パンを作る際の作業の順番(工程)は基本的には
仕込み → 第一次発酵(フロアタイム) → 分割 → ベンチタイム → 成形
→ 第二次発酵(最終発酵、ホイロ) → 焼成
です。
最初は分かりづらいしメンドクサイ・・・
知らない言葉がある人もいるかもしれません。
別名が多いし、単純に複雑。
発酵を利用する食品のため、仕込みから焼き上がりまでにかかる時間もなかなか。
ただ当然、各工程は必要だからあるわけで。
しょーがないよねー。
で、「ベンチタイムとは」なんですが、よくある説明が「生地を休ませる」ために必要みたいなことですね。
まぁ間違ってないけど100%合ってる感じもしないんですよね。
そもそも「生地を休める」とは、クッキーだったり、タルトだったり、「洋菓子」で使われる言葉ですよね。
「洋菓子」は基本的には発酵を必要としないので、「パン」とはちょっと違う。
なんか違和感ありますよね。
そして「ベンチタイム」という言葉は洋菓子では全く出てきません。
じゃぁ結局なんなのよ?となります。
シンプルに説明しますと。
「ベンチタイム」の目的は次工程の成形をやりやすくすることです。
そして「ベンチタイム」中に生地に起こっている現象は2つあります。
発酵と構造緩和の2つです。
発酵はイメージしやすいですね。
問題は構造緩和。
これは「小麦粉を使用した生地の性質」のことです。
もう「グルテン」の性質と言った方が分かりやすいかも。
生地にストレス(伸ばしたり、たたいたり、丸めたり)を与えると生地はその後すぐには伸びづらく、形を変えづらくなります。(加工硬化といいます、構造緩和の逆です。)

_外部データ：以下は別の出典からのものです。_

lemma invertible2_minor_iff_is_unit_inverse_entry:
  fixes M N :: "'a::ring_1 mat3"
  assumes MN: "M ** N = mat 1" and NM: "N ** M = mat 1"
    and di: "i0 \<noteq> i1" "i0 \<noteq> i2" "i1 \<noteq> i2" and dk: "k0 \<noteq> k1" "k0 \<noteq> k2" "k1 \<noteq> k2"
  shows "invertible2 (M$i1$k1) (M$i1$k2) (M$i2$k1) (M$i2$k2) \<longleftrightarrow> is_unit (N$k0$i0)"
proof
  note E = matrix_mult_eq_mat_1_expand[OF MN dk] and F = matrix_mult_eq_mat_1_expand[OF NM di]
  assume "invertible2 (M$i1$k1) (M$i1$k2) (M$i2$k1) (M$i2$k2)"
  then obtain x y z w where "inverse2 (M$i1$k1) (M$i1$k2) (M$i2$k1) (M$i2$k2) x y z w"
    unfolding invertible2_def by blast
  then show "is_unit (N$k0$i0)"
    by (rule is_unit_by_block_schur_complement)
      (use E[of i1 i0] E[of i2 i0] E[of i0 i0] F[of k0 k1] F[of k0 k2] F[of k0 k0] di dk in simp_all)
next
  assume "is_unit (N$k0$i0)"
  from inverse2_schur_complement[OF NM MN this dk di]
  show "invertible2 (M$i1$k1) (M$i1$k2) (M$i2$k1) (M$i2$k2)"
    unfolding invertible2_def by (blast dest: inverse2_sym)
qed

definition minors2_invertible :: "'a::ring_1 mat3 \<Rightarrow> bool" where
  "minors2_invertible X \<longleftrightarrow>
     (\<forall>i1 i2 k1 k2. i1 \<noteq> i2 \<and> k1 \<noteq> k2 \<longrightarrow> invertible2 (X$i1$k1) (X$i1$k2) (X$i2$k1) (X$i2$k2))"

lemma exists_index_neq2: "\<exists>c::3. c \<noteq> a \<and> c \<noteq> b"
proof -
  have "card {a, b} \<le> 2" by (cases "a = b") simp_all
  then have "card {a, b} < card (UNIV::3 set)" by simp
  then have "{a, b} \<noteq> UNIV" by auto
  then show ?thesis by blast
qed

lemma exists_index_pair_neq: "\<exists>b c::3. a \<noteq> b \<and> a \<noteq> c \<and> b \<noteq> c"
proof -
  consider "a = 1" | "a = 2" | "a = 3" using exhaust_3 by blast
  then show ?thesis
  proof cases
    case 1 then show ?thesis by (intro exI[of _ 2] exI[of _ 3]) simp
  next
    case 2 then show ?thesis by (intro exI[of _ 1] exI[of _ 3]) simp
  next
    case 3 then show ?thesis by (intro exI[of _ 1] exI[of _ 2]) simp
  qed
qed

lemma units_mat_inverse_iff_minors2_invertible:
  fixes X Y :: "'a::ring_1 mat3"
  assumes XY: "X ** Y = mat 1" and YX: "Y ** X = mat 1"
  shows "units_mat Y \<longleftrightarrow> minors2_invertible X"
proof
  assume u: "units_mat Y"
  show "minors2_invertible X" unfolding minors2_invertible_def
  proof (intro allI impI, elim conjE)
    fix i1 i2 k1 k2 :: 3 assume d: "i1 \<noteq> i2" "k1 \<noteq> k2"
    obtain i0 where "i0 \<noteq> i1" "i0 \<noteq> i2" using exists_index_neq2 by blast
    moreover obtain k0 where "k0 \<noteq> k1" "k0 \<noteq> k2" using exists_index_neq2 by blast
    moreover have "is_unit (Y$k0$i0)" using u unfolding units_mat_def by blast
    ultimately show "invertible2 (X$i1$k1) (X$i1$k2) (X$i2$k1) (X$i2$k2)"
      using invertible2_minor_iff_is_unit_inverse_entry[OF XY YX] d by blast
  qed
next
  assume m: "minors2_invertible X"
  show "units_mat Y" unfolding units_mat_def
  proof (intro allI)
    fix k0 i0 :: 3
    obtain i1 i2 where i: "i0 \<noteq> i1" "i0 \<noteq> i2" "i1 \<noteq> i2" using exists_index_pair_neq by blast
    obtain k1 k2 where k: "k0 \<noteq> k1" "k0 \<noteq> k2" "k1 \<noteq> k2" using exists_index_pair_neq by blast
    have "invertible2 (X$i1$k1) (X$i1$k2) (X$i2$k1) (X$i2$k2)"
      using m i k unfolding minors2_invertible_def by blast
    then show "is_unit (Y$k0$i0)"
      using invertible2_minor_iff_is_unit_inverse_entry[OF XY YX i k] by simp
  qed
qed

lemma minors2_invertible_J2_mat:
  fixes M :: "'a::ring_1 mat3"
  assumes "units_mat M"
  shows "minors2_invertible (J2_mat M) \<longleftrightarrow> minors2_invertible M"
proof -
  have "\<And>j k. is_unit (M$j$k)" using assms unfolding units_mat_def by auto
  then have "invertible2 (J2_mat M$i1$k1) (J2_mat M$i1$k2) (J2_mat M$i2$k1) (J2_mat M$i2$k2)
      \<longleftrightarrow> invertible2 (M$k1$i1) (M$k1$i2) (M$k2$i1) (M$k2$i2)" for i1 i2 k1 k2
    by (simp add: invertible2_uinv_iff)
  then show ?thesis unfolding minors2_invertible_def by (auto simp del: J2_mat_entry)
qed

lemma units_mat_inverse_J2_mat_iff:
  fixes M N :: "'a::ring_1 mat3"
  assumes MN: "M ** N = mat 1" and NM: "N ** M = mat 1"
    and uN: "units_mat N" and iJ: "invertible (J2_mat N)"
  shows "units_mat (matrix_inv (J2_mat N)) \<longleftrightarrow> units_mat M"
proof -
  have "units_mat (matrix_inv (J2_mat N)) \<longleftrightarrow> minors2_invertible (J2_mat N)"
    by (rule units_mat_inverse_iff_minors2_invertible[OF matrix_inv_right[OF iJ] matrix_inv_left[OF iJ]])
  also have "\<dots> \<longleftrightarrow> minors2_invertible N" by (rule minors2_invertible_J2_mat[OF uN])
  also have "\<dots> \<longleftrightarrow> units_mat M" by (rule units_mat_inverse_iff_minors2_invertible[OF NM MN, symmetric])
  finally show ?thesis .
qed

洋菓子でいう「生地を休ませる」とはこの構造緩和のことです。
では、なんでパンではベンチタイムと言うのかというと、パンの場合はここに発酵が入ってくるからですね。
パンは構造緩和+発酵によって、成形がしやすくなりますってイメージが一番分かりやすいかなぁと個人的には思っております。
そしてそのために必要な時間のことをベンチタイムと呼んでいます。
構造緩和により生地が緩んでさらに発酵により生地が膨らむので、伸びがあり弾力がある生地状態となって、スムーズな成形ができます。
そんな感じですね。
ちなみにベンチタイムは英語ですが、名前の由来はそのまま、公園の「ベンチ」のベンチです。